Sam is quite dead. With Sam’s death Taylor begins the main detective story. Batman seeks out the White Musk Killer.
Batman is rueful over his actions. As well, he begins feeling the realities of age hampering his want to save innocent lives.
Batman’s age is always a touchy subject. Historically, Batman’s eighty-five. He’s perpetually thirty to forty in the comics. I usually pin-point him at thirty-five in context. Giving Batgirl a twenty-five on the index and Nightwing twenty-three.
Taylor has enough wiggle room in the subject of Batman’s age to generate a new theme in his story. He does this by first introducing a new character into the mythology.
I sometimes simplify comic book narratives. In this way, I can better review a book and immediately argue its worth to the reader. Or the opposite. Taylor’s narrative jumps around time. Comic books being a visual medium are really good for writers using this technique. You always know where you are in the story. You can see it.

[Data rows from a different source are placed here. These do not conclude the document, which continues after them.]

lemma deriv_t_ux:
  assumes t: "0 \<le> t"
  shows "((\<lambda>s. ux s x) has_real_derivative utx t x) (at t within {0..})"
proof -
  have "((\<lambda>s. integral {0..s} (\<lambda>r. utx r x)) has_real_derivative utx t x) (at t within {0..})"
    by (rule has_real_derivative_integral_upto[OF t]) (auto intro!: continuous_intros)
  then have "((\<lambda>s. ux 0 x + integral {0..s} (\<lambda>r. utx r x)) has_real_derivative utx t x) (at t within {0..})"
    by (auto intro!: derivative_eq_intros)
  then show ?thesis
    by (rule has_field_derivative_transform_within[where d=1])
      (use t in \<open>auto, metis atLeast_iff ux_eq_integral_utx\<close>)
qed

definition edens :: "real \<Rightarrow> real \<Rightarrow> real" where
  "edens t x = energy_density x (u t x) (ut t x) (ux t x)"

lemma continuous_on_edens [continuous_intros]:
  "continuous_on S f \<Longrightarrow> continuous_on S g \<Longrightarrow> (\<And>s. s \<in> S \<Longrightarrow> 0 \<le> f s) \<Longrightarrow>
    continuous_on S (\<lambda>s. edens (f s) (g s))"
  unfolding edens_def energy_density_def by (auto intro!: continuous_intros)

lemma ux_0_eq_0:
  assumes "R0 < \<bar>x\<bar>"
  shows "ux 0 x = 0"
proof (rule DERIV_eq_0_if_vanishing_on_open[OF deriv_x_u[of 0 x]])
  show "open {y::real. R0 < \<bar>y\<bar>}" by (intro open_Collect_less continuous_intros)
qed (use assms u0_supp u_init in auto)

lemma edens_0_eq_0: "R0 < \<bar>x\<bar> \<Longrightarrow> edens 0 x = 0"
  unfolding edens_def energy_density_def using ux_0_eq_0 u0_supp u1_supp by (simp add: u_init ut_init)

lemma edens_deriv_t:
  assumes s: "0 \<le> s"
  shows "((\<lambda>s. edens s x) has_real_derivative
      2 * ut s x * utt s x + 2 * ux s x * utx s x + V x * (2 * u s x * ut s x)) (at s within {0..})"
  unfolding edens_def energy_density_def
  by (rule derivative_eq_intros deriv_t_u deriv_t_ut deriv_t_ux refl s | simp add: algebra_simps)+

lemma cone_density_deriv_t:
  assumes s: "0 \<le> s"
  shows "((\<lambda>s. neg_sq (c + s - T) * edens s x) has_real_derivative
      2 * min (c + s - T) 0 * edens s x + neg_sq (c + s - T) *
      (2 * ut s x * utt s x + 2 * ux s x * utx s x + V x * (2 * u s x * ut s x))) (at s within {0..})"
proof -
  have "((\<lambda>s. c + s - T) has_real_derivative 1) (at s within {0..})"
    by (auto intro!: derivative_eq_intros)
  from DERIV_mult[OF neg_sq_chain[OF this] edens_deriv_t[OF s]] show ?thesis
    by (simp add: algebra_simps)
qed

When Batman as Bruce Wayne speaks Scarlett’s full name, he’s referring to the flashback Taylor and artist Mikel Janin unveiled earlier in the story. The idea of a character speaking another character’s full name is usually, usually, a lazy device countering realism. In this case, Batman likes to say Scarlett’s full name because she honors his mother.
Taylor portrays the Waynes as wonderful people.
This fits the longstanding history that when Joe Chill ruthlessly slays them, Gotham City starts to rot. The area where Chill kills the Waynes known historically as Park Place is renamed Crime Alley.
Taylor creates comic book writing I like. On the surface Taylor’s creation is as open and clean as the artwork by Mikel Janin. So easy to read. So simple to comprehend. Within the apparent economy of storytelling lies recursive complexity.
Some bit of characterization is important to the plot. Some bit of plot is important to the characterization. Continuity feels like history.
Scarlett apparently grew up to become a genius. She now offers that genius to Bruce Wayne.
Alas…There’s a chance Scarlett’s the mysterious villain Batman faces in the book’s time out of joint opening.
Back in the Bronze Age of Comics, Batman would on occasion lose an ear to an opponent. He later turned them into welding torches for escapologist purposes.
Though I can’t help thinking that’s where my mind is supposed to travel. The book is titled Detective Comics. Taylor I expect is leading me to the dead end of a maze.